By this, I mean stopping the practice, recreating the picture(s), demonstrating and bringing to life what you want the players to do at that specific moment on the pitch.
These are difficult skills which require practice and confidence. As coaches, we need to invest time in our planning, to ensure that we are clear about our intended outcomes. It’s an area of my coaching practice which I have developed and am continuing to work on. I now take more time in my planning, ensuring that my practice design allows me to get the outcomes I want and I utilise the coaching staff around me to support more effectively.

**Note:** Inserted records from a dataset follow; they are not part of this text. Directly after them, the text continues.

theorem proposition3:
  fixes \<Omega> :: "'a::euclidean_space set"
    and p :: "'a \<Rightarrow> real" and \<alpha> :: real
    and A :: "'a \<Rightarrow> 'a \<Rightarrow> real" and a :: "'a \<Rightarrow> 'a \<Rightarrow> 'a"
    and c1 k \<beta> \<gamma> :: real
  assumes dim: "DIM('a) \<ge> 3"
    and dom: "smooth_bounded_domain \<Omega>"
    and alpha: "0 < \<alpha>" "\<alpha> < 1"
    and p_hoelder: "\<exists>C. \<forall>x\<in>closure \<Omega>. \<forall>y\<in>closure \<Omega>. \<bar>p x - p y\<bar> \<le> C * dist x y powr \<alpha>"
    and p_gt1: "\<forall>x\<in>closure \<Omega>. p x > 1"
    and A_deriv: "\<forall>x\<in>closure \<Omega>. \<forall>\<xi>. (A x has_derivative (\<lambda>h. a x \<xi> \<bullet> h)) (at \<xi>)"
    and a_cont: "continuous_on (closure \<Omega> \<times> UNIV) (\<lambda>(x, \<xi>). a x \<xi>)"
    and A1: "\<forall>x\<in>closure \<Omega>. A x 0 = 0"
    and A2: "c1 > 0" "\<forall>x\<in>closure \<Omega>. \<forall>\<xi>. norm (a x \<xi>) \<le> c1 * (1 + norm \<xi> powr (p x - 1))"
    and A3: "\<forall>x\<in>closure \<Omega>. \<forall>\<xi> \<psi>. (a x \<xi> - a x \<psi>) \<bullet> (\<xi> - \<psi>) \<ge> 0 \<and>
               ((a x \<xi> - a x \<psi>) \<bullet> (\<xi> - \<psi>) = 0 \<longleftrightarrow> \<xi> = \<psi>)"
    and A4: "k > 0" "\<forall>x\<in>closure \<Omega>. \<forall>\<xi> \<psi>.
               A x ((\<xi> + \<psi>) /\<^sub>R 2) \<le> A x \<xi> / 2 + A x \<psi> / 2 - k * norm (\<xi> - \<psi>) powr p x"
    and A5: "\<forall>x\<in>closure \<Omega>. \<forall>\<xi>. norm \<xi> powr p x \<le> a x \<xi> \<bullet> \<xi> \<and> a x \<xi> \<bullet> \<xi> \<le> p x * A x \<xi>"
    and exps: "1 < \<beta>" "\<beta> < \<gamma>" "\<gamma> < Inf (p ` \<Omega>)"
  shows "\<exists>lam_star>0. \<forall>lam\<ge>lam_star. \<exists>u g. in_E p \<Omega> u g \<and> I_fun A \<Omega> \<beta> \<gamma> lam u g < 0"
proof -
  from dom have \<Omega>: "\<Omega> \<noteq> {}" "bounded \<Omega>" "open \<Omega>"
    unfolding smooth_bounded_domain_def by auto
  then obtain c r where r: "0 < r" "cball c r \<subseteq> \<Omega>"
    using open_contains_cball by blast
  obtain C where "\<forall>x\<in>closure \<Omega>. \<forall>y\<in>closure \<Omega>. \<bar>p x - p y\<bar> \<le> C * dist x y powr \<alpha>"
    using p_hoelder by blast
  then obtain P where P: "\<forall>x\<in>closure \<Omega>. p x \<le> P"
    using hoelder_continuous_bounded_above[OF bounded_closure[OF \<Omega>(2)] less_imp_le[OF alpha(1)]]
    by blast
  have p_bounds: "\<forall>x\<in>\<Omega>. 0 \<le> p x \<and> p x \<le> P"
    using P p_gt1 closure_subset by (meson less_imp_le less_trans subsetD zero_less_one)
  obtain t where "0 < t" and gap: "(LINT x:\<Omega>|lebesgue. max (t * bump c r x) 0 powr \<beta>) / \<beta>
      < (LINT x:\<Omega>|lebesgue. max (t * bump c r x) 0 powr \<gamma>) / \<gamma>"
    using ex_scaled_bump_gamma_term_dominates[OF r lmeasurable_open[OF \<Omega>(2,3)]
        less_trans[OF zero_less_one exps(1)] exps(2)] by blast
  define u where "u x = t * bump c r x" for x
  have "in_E p \<Omega> u (grad u)"
    unfolding u_def[abs_def] by (rule test_fun_in_E[OF test_fun_scaled_bump[OF r] \<Omega>(2,3) p_bounds])
  moreover obtain lam_star where "0 < lam_star" "\<forall>lam\<ge>lam_star. I_fun A \<Omega> \<beta> \<gamma> lam u (grad u) < 0"
    using I_fun_eventually_negative[OF gap[folded u_def]] by blast
  ultimately show ?thesis
    by blast
qed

Common coaching styles I see are - Guided Discovery and Observation and Feedback (find out more about these styles in the ‘coaching style’ blog) which are great ways to engage players and assist with learning but, as coaches, we must remember that we are the ‘teachers’ and players look to us for some of the answers. Also, players learn in different ways and for some there is no better way than recreating situations on the pitch and giving them the detail that they require “in action”.
Be mindful that we still want lots of ball rolling time, especially for younger players. Coaches can sometimes fall into the trap of getting carried away when intervening and players begin to switch off because they are made to stand still for too long. Consider timing your interventions and (if you can) voice record what you say - this is a great learning tool as you’ll be able to reflect on whether the information you have given is concise, clear and effective.
Every individual coach will have a bias when it comes to delivery - when you are next with your players, try to recognise what yours is.
Be brave and challenge yourself to stop the practice / show the players what you want as well as set challenges and provide some one to one feedback via a variety of intervention methods and coaching styles.